#### Work request:
Return all of the material that follows, keeping each line exactly as it is.
--- The data ---
theorem lemma6p3:
  fixes F :: "'a::{real_inner,complete_space} \<Rightarrow> real"
    and gradF :: "'a \<Rightarrow> 'a"
    and x v :: "real \<Rightarrow> 'a"
    and x0 :: 'a
    and L \<mu> \<alpha> a \<delta> t :: real
  assumes grad: "\<And>y. (F has_derivative (\<lambda>h. gradF y \<bullet> h)) (at y)"
    and lip: "\<And>y z. norm (gradF y - gradF z) \<le> L * norm (y - z)"
    and argmin_ne: "\<exists>xm. \<forall>y. F xm \<le> F y"
    and mu_pos: "\<mu> > 0"
    and PL: "\<And>y. F y - (INF z. F z) \<le> 1 / (2 * \<mu>) * (norm (gradF y))\<^sup>2"
    and alpha_pos: "\<alpha> > 0"
    and x_init: "x 0 = x0"
    and v_init: "v 0 = 0"
    and x_deriv: "\<And>s. s \<ge> 0 \<Longrightarrow> (x has_vector_derivative v s) (at s within {0..})"
    and v_deriv: "\<And>s. s \<ge> 0 \<Longrightarrow>
        (v has_vector_derivative (- \<alpha> *\<^sub>R v s - gradF (x s))) (at s within {0..})"
    and a_nn: "a \<ge> 0" and delta_nn: "\<delta> \<ge> 0"
    and R_pos: "\<alpha> - a + \<delta> > 0"
    and aR: "a * (\<alpha> - a + \<delta>) \<le> 2 * \<mu>"
    and cond: "L - \<alpha> * \<delta> + \<delta> / 2 * (\<alpha> - a + \<delta>) \<le> 0"
    and t_pos: "t > 0"
  shows "F (x t) - (INF z. F z) \<le>
           (if a \<noteq> \<alpha> - a + \<delta>
            then (F x0 - (INF z. F z)) * (1 + a / \<bar>a - (\<alpha> - a + \<delta>)\<bar>)
            else (F x0 - (INF z. F z)) * (1 + a * t))
           * exp (- min a (\<alpha> - a + \<delta>) * t)"
proof -
  interpret heavy_ball F gradF x v \<alpha> L
    using grad lip x_deriv v_deriv by unfold_locales
  define c where "c = (INF z. F z)"
  define R where "R = \<alpha> - a + \<delta>"
  have gap_nonneg: "F y - c \<ge> 0" for y
  proof -
    obtain xm where "\<And>y. F xm \<le> F y"
      using argmin_ne by blast
    then have "bdd_below (range F)"
      by (intro bdd_belowI[of _ "F xm"]) auto
    then show ?thesis
      unfolding c_def by (simp add: cINF_lower)
  qed
  have PL_scaled: "a * R * (F y - c) \<le> gradF y \<bullet> gradF y" for y
  proof -
    have "a * R * (F y - c) \<le> 2 * \<mu> * (F y - c)"
      using aR gap_nonneg[of y] unfolding R_def by (rule mult_right_mono)
    also have "\<dots> \<le> (norm (gradF y))\<^sup>2"
      using PL[of y] mu_pos unfolding c_def by (simp add: field_simps)
    finally show ?thesis
      by (simp add: power2_norm_eq_inner)
  qed
  have "F (x t) - c \<le> exp (- a * t) * (F x0 - c) + a * (F x0 - c) * exp_convolution a R t"
    using objective_gap_bound[OF PL_scaled R_def] cond delta_nn v_init t_pos x_init
    by (simp add: R_def)
  also have "\<dots> \<le> (if a \<noteq> R then (F x0 - c) * (1 + a / \<bar>a - R\<bar>) else (F x0 - c) * (1 + a * t))
      * exp (- min a R * t)"
    using gap_nonneg a_nn t_pos by (intro exp_convolution_combination_le) auto
  finally show ?thesis
    unfolding c_def R_def .
qed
---
#### Reply to the exercise:
theorem lemma6p3:
  fixes F :: "'a::{real_inner,complete_space} \<Rightarrow> real"
    and gradF :: "'a \<Rightarrow> 'a"
    and x v :: "real \<Rightarrow> 'a"
    and x0 :: 'a
    and L \<mu> \<alpha> a \<delta> t :: real
  assumes grad: "\<And>y. (F has_derivative (\<lambda>h. gradF y \<bullet> h)) (at y)"
    and lip: "\<And>y z. norm (gradF y - gradF z) \<le> L * norm (y - z)"
    and argmin_ne: "\<exists>xm. \<forall>y. F xm \<le> F y"
    and mu_pos: "\<mu> > 0"
    and PL: "\<And>y. F y - (INF z. F z) \<le> 1 / (2 * \<mu>) * (norm (gradF y))\<^sup>2"
    and alpha_pos: "\<alpha> > 0"
    and x_init: "x 0 = x0"
    and v_init: "v 0 = 0"
    and x_deriv: "\<And>s. s \<ge> 0 \<Longrightarrow> (x has_vector_derivative v s) (at s within {0..})"
    and v_deriv: "\<And>s. s \<ge> 0 \<Longrightarrow>
        (v has_vector_derivative (- \<alpha> *\<^sub>R v s - gradF (x s))) (at s within {0..})"
    and a_nn: "a \<ge> 0" and delta_nn: "\<delta> \<ge> 0"
    and R_pos: "\<alpha> - a + \<delta> > 0"
    and aR: "a * (\<alpha> - a + \<delta>) \<le> 2 * \<mu>"
    and cond: "L - \<alpha> * \<delta> + \<delta> / 2 * (\<alpha> - a + \<delta>) \<le> 0"
    and t_pos: "t > 0"
  shows "F (x t) - (INF z. F z) \<le>
           (if a \<noteq> \<alpha> - a + \<delta>
            then (F x0 - (INF z. F z)) * (1 + a / \<bar>a - (\<alpha> - a + \<delta>)\<bar>)
            else (F x0 - (INF z. F z)) * (1 + a * t))
           * exp (- min a (\<alpha> - a + \<delta>) * t)"
proof -
  interpret heavy_ball F gradF x v \<alpha> L
    using grad lip x_deriv v_deriv by unfold_locales
  define c where "c = (INF z. F z)"
  define R where "R = \<alpha> - a + \<delta>"
  have gap_nonneg: "F y - c \<ge> 0" for y
  proof -
    obtain xm where "\<And>y. F xm \<le> F y"
      using argmin_ne by blast
    then have "bdd_below (range F)"
      by (intro bdd_belowI[of _ "F xm"]) auto
    then show ?thesis
      unfolding c_def by (simp add: cINF_lower)
  qed
  have PL_scaled: "a * R * (F y - c) \<le> gradF y \<bullet> gradF y" for y
  proof -
    have "a * R * (F y - c) \<le> 2 * \<mu> * (F y - c)"
      using aR gap_nonneg[of y] unfolding R_def by (rule mult_right_mono)
    also have "\<dots> \<le> (norm (gradF y))\<^sup>2"
      using PL[of y] mu_pos unfolding c_def by (simp add: field_simps)
    finally show ?thesis
      by (simp add: power2_norm_eq_inner)
  qed
  have "F (x t) - c \<le> exp (- a * t) * (F x0 - c) + a * (F x0 - c) * exp_convolution a R t"
    using objective_gap_bound[OF PL_scaled R_def] cond delta_nn v_init t_pos x_init
    by (simp add: R_def)
  also have "\<dots> \<le> (if a \<noteq> R then (F x0 - c) * (1 + a / \<bar>a - R\<bar>) else (F x0 - c) * (1 + a * t))
      * exp (- min a R * t)"
    using gap_nonneg a_nn t_pos by (intro exp_convolution_combination_le) auto
  finally show ?thesis
    unfolding c_def R_def .
qed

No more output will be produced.